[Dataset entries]
□ □ □ □ □ □ □

(* Fix $d\ge0$ and for a unit vector $z\in\mathbb{S}^{n-1}$ let $\mathrm{slab}_z(x)=\mathbf{1}[-d\le z\cdot x\le d]$. If $z,z'\in\mathbb{S}^{n-1}$ satisfy $0<\|z-z'\|_2\le 1/3$, then \[ \Pr_{\mathbf{x}\sim N(0,I_n)}[\mathrm{slab}_z(\mathbf{x})\ne\mathrm{slab}_{z'}(\mathbf{x})]\le 5\|z-z'\|_2\sqrt{\ln\!\Big(\frac{1}{\|z-z'\|_2}\Big)} . \]
   Context: $N(0,I_n)$ is the standard Gaussian distribution on $\mathbb{R}^n$. *)

theory Defs
  imports "HOL-Analysis.Analysis"
begin

text \<open>Standard Gaussian N(0, I_n) on R^n, with R^n rendered as real^'n (n = CARD('n)):
  the measure with density (2 pi)^(-n/2) exp(-|x|^2/2) w.r.t. Lebesgue measure.\<close>
definition std_gaussian :: "(real^'n) measure" where
  "std_gaussian = density lborel
     (\<lambda>x. ennreal ((2 * pi) powr (- real CARD('n) / 2) * exp (- (norm x)\<^sup>2 / 2)))"

definition slab :: "real \<Rightarrow> real^'n \<Rightarrow> real^'n \<Rightarrow> real" where
  "slab d z x = (if - d \<le> z \<bullet> x \<and> z \<bullet> x \<le> d then 1 else 0)"

end

theory Submission
  imports Defs "HOL-Probability.Probability"
begin

text \<open>For unit vectors \<open>z, z'\<close> with \<open>e = \<parallel>z - z'\<parallel>\<close>, the projections \<open>z \<bullet> x\<close> and \<open>z' \<bullet> x\<close> differ
  by \<open>e \<bar>w \<bullet> x\<bar>\<close> with \<open>w\<close> a unit vector. The two slabs can only disagree at \<open>x\<close> if either
  \<open>\<bar>w \<bullet> x\<bar> > T\<close>, which has Gaussian probability at most \<open>2 exp(-T\<^sup>2/2)\<close> (Chernoff), or
  \<open>z \<bullet> x\<close> lies within \<open>e T\<close> of one of \<open>\<plusminus>d\<close>, which has probability at most
  \<open>4 e T / sqrt(2\<pi>)\<close> since the standard normal density is bounded by \<open>1 / sqrt(2\<pi>)\<close>.
  Both estimates only involve marginals \<open>u \<bullet> x\<close> with \<open>u\<close> a unit vector; these are standard
  normal because the Gaussian density factorises over coordinates, which makes the
  characteristic function of \<open>u \<bullet> x\<close> equal to \<open>exp(-t\<^sup>2/2)\<close>. Choosing \<open>T = sqrt(2 ln(1/e))\<close>
  gives \<open>2e + 4e sqrt(ln(1/e)/\<pi>) \<le> 5e sqrt(ln(1/e))\<close>.\<close>

lemma integral_lborel_prod:
  fixes f :: "'a::euclidean_space \<Rightarrow> real \<Rightarrow> 'b::{real_normed_field,banach,second_countable_topology}"
  assumes "\<And>b. b \<in> Basis \<Longrightarrow> integrable lborel (f b)"
  shows "(\<integral>x. (\<Prod>b\<in>Basis. f b (x \<bullet> b)) \<partial>lborel) = (\<Prod>b\<in>Basis. (\<integral>x. f b x \<partial>lborel))"
proof -
  interpret product_sigma_finite "\<lambda>_. lborel :: real measure" by standard
  have [measurable]: "\<And>b. b \<in> Basis \<Longrightarrow> f b \<in> borel_measurable borel"
    using assms by auto
  have "(\<integral>x. (\<Prod>b\<in>Basis. f b (x \<bullet> b)) \<partial>lborel) =
     (\<integral>g. (\<Prod>b\<in>Basis. f b ((\<Sum>c\<in>Basis. g c *\<^sub>R c) \<bullet> b)) \<partial>(\<Pi>\<^sub>M b\<in>Basis. lborel))"
    by (subst lborel_eq) (rule integral_distr; measurable)
  also have "\<dots> = (\<integral>g. (\<Prod>b\<in>Basis. f b (g b)) \<partial>(\<Pi>\<^sub>M b\<in>Basis. lborel))"
    by (intro Bochner_Integration.integral_cong refl prod.cong)
       (auto simp: inner_sum_left inner_Basis if_distrib cong: if_cong)
  also have "\<dots> = (\<Prod>b\<in>Basis. (\<integral>x. f b x \<partial>lborel))"
    by (rule product_integral_prod) (auto intro: assms)
  finally show ?thesis .
qed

□ □ □ □ □ □ □

• [What to do]
The reply must repeat all of the records precisely.

• [Answer for this exercise]
(* Fix $d\ge0$ and for a unit vector $z\in\mathbb{S}^{n-1}$ let $\mathrm{slab}_z(x)=\mathbf{1}[-d\le z\cdot x\le d]$. If $z,z'\in\mathbb{S}^{n-1}$ satisfy $0<\|z-z'\|_2\le 1/3$, then \[ \Pr_{\mathbf{x}\sim N(0,I_n)}[\mathrm{slab}_z(\mathbf{x})\ne\mathrm{slab}_{z'}(\mathbf{x})]\le 5\|z-z'\|_2\sqrt{\ln\!\Big(\frac{1}{\|z-z'\|_2}\Big)} . \]
   Context: $N(0,I_n)$ is the standard Gaussian distribution on $\mathbb{R}^n$. *)

theory Defs
  imports "HOL-Analysis.Analysis"
begin

text \<open>Standard Gaussian N(0, I_n) on R^n, with R^n rendered as real^'n (n = CARD('n)):
  the measure with density (2 pi)^(-n/2) exp(-|x|^2/2) w.r.t. Lebesgue measure.\<close>
definition std_gaussian :: "(real^'n) measure" where
  "std_gaussian = density lborel
     (\<lambda>x. ennreal ((2 * pi) powr (- real CARD('n) / 2) * exp (- (norm x)\<^sup>2 / 2)))"

definition slab :: "real \<Rightarrow> real^'n \<Rightarrow> real^'n \<Rightarrow> real" where
  "slab d z x = (if - d \<le> z \<bullet> x \<and> z \<bullet> x \<le> d then 1 else 0)"

end

theory Submission
  imports Defs "HOL-Probability.Probability"
begin

text \<open>For unit vectors \<open>z, z'\<close> with \<open>e = \<parallel>z - z'\<parallel>\<close>, the projections \<open>z \<bullet> x\<close> and \<open>z' \<bullet> x\<close> differ
  by \<open>e \<bar>w \<bullet> x\<bar>\<close> with \<open>w\<close> a unit vector. The two slabs can only disagree at \<open>x\<close> if either
  \<open>\<bar>w \<bullet> x\<bar> > T\<close>, which has Gaussian probability at most \<open>2 exp(-T\<^sup>2/2)\<close> (Chernoff), or
  \<open>z \<bullet> x\<close> lies within \<open>e T\<close> of one of \<open>\<plusminus>d\<close>, which has probability at most
  \<open>4 e T / sqrt(2\<pi>)\<close> since the standard normal density is bounded by \<open>1 / sqrt(2\<pi>)\<close>.
  Both estimates only involve marginals \<open>u \<bullet> x\<close> with \<open>u\<close> a unit vector; these are standard
  normal because the Gaussian density factorises over coordinates, which makes the
  characteristic function of \<open>u \<bullet> x\<close> equal to \<open>exp(-t\<^sup>2/2)\<close>. Choosing \<open>T = sqrt(2 ln(1/e))\<close>
  gives \<open>2e + 4e sqrt(ln(1/e)/\<pi>) \<le> 5e sqrt(ln(1/e))\<close>.\<close>

lemma integral_lborel_prod:
  fixes f :: "'a::euclidean_space \<Rightarrow> real \<Rightarrow> 'b::{real_normed_field,banach,second_countable_topology}"
  assumes "\<And>b. b \<in> Basis \<Longrightarrow> integrable lborel (f b)"
  shows "(\<integral>x. (\<Prod>b\<in>Basis. f b (x \<bullet> b)) \<partial>lborel) = (\<Prod>b\<in>Basis. (\<integral>x. f b x \<partial>lborel))"
proof -
  interpret product_sigma_finite "\<lambda>_. lborel :: real measure" by standard
  have [measurable]: "\<And>b. b \<in> Basis \<Longrightarrow> f b \<in> borel_measurable borel"
    using assms by auto
  have "(\<integral>x. (\<Prod>b\<in>Basis. f b (x \<bullet> b)) \<partial>lborel) =
     (\<integral>g. (\<Prod>b\<in>Basis. f b ((\<Sum>c\<in>Basis. g c *\<^sub>R c) \<bullet> b)) \<partial>(\<Pi>\<^sub>M b\<in>Basis. lborel))"
    by (subst lborel_eq) (rule integral_distr; measurable)
  also have "\<dots> = (\<integral>g. (\<Prod>b\<in>Basis. f b (g b)) \<partial>(\<Pi>\<^sub>M b\<in>Basis. lborel))"
    by (intro Bochner_Integration.integral_cong refl prod.cong)
       (auto simp: inner_sum_left inner_Basis if_distrib cong: if_cong)
  also have "\<dots> = (\<Prod>b\<in>Basis. (\<integral>x. f b x \<partial>lborel))"
    by (rule product_integral_prod) (auto intro: assms)
  finally show ?thesis .
qed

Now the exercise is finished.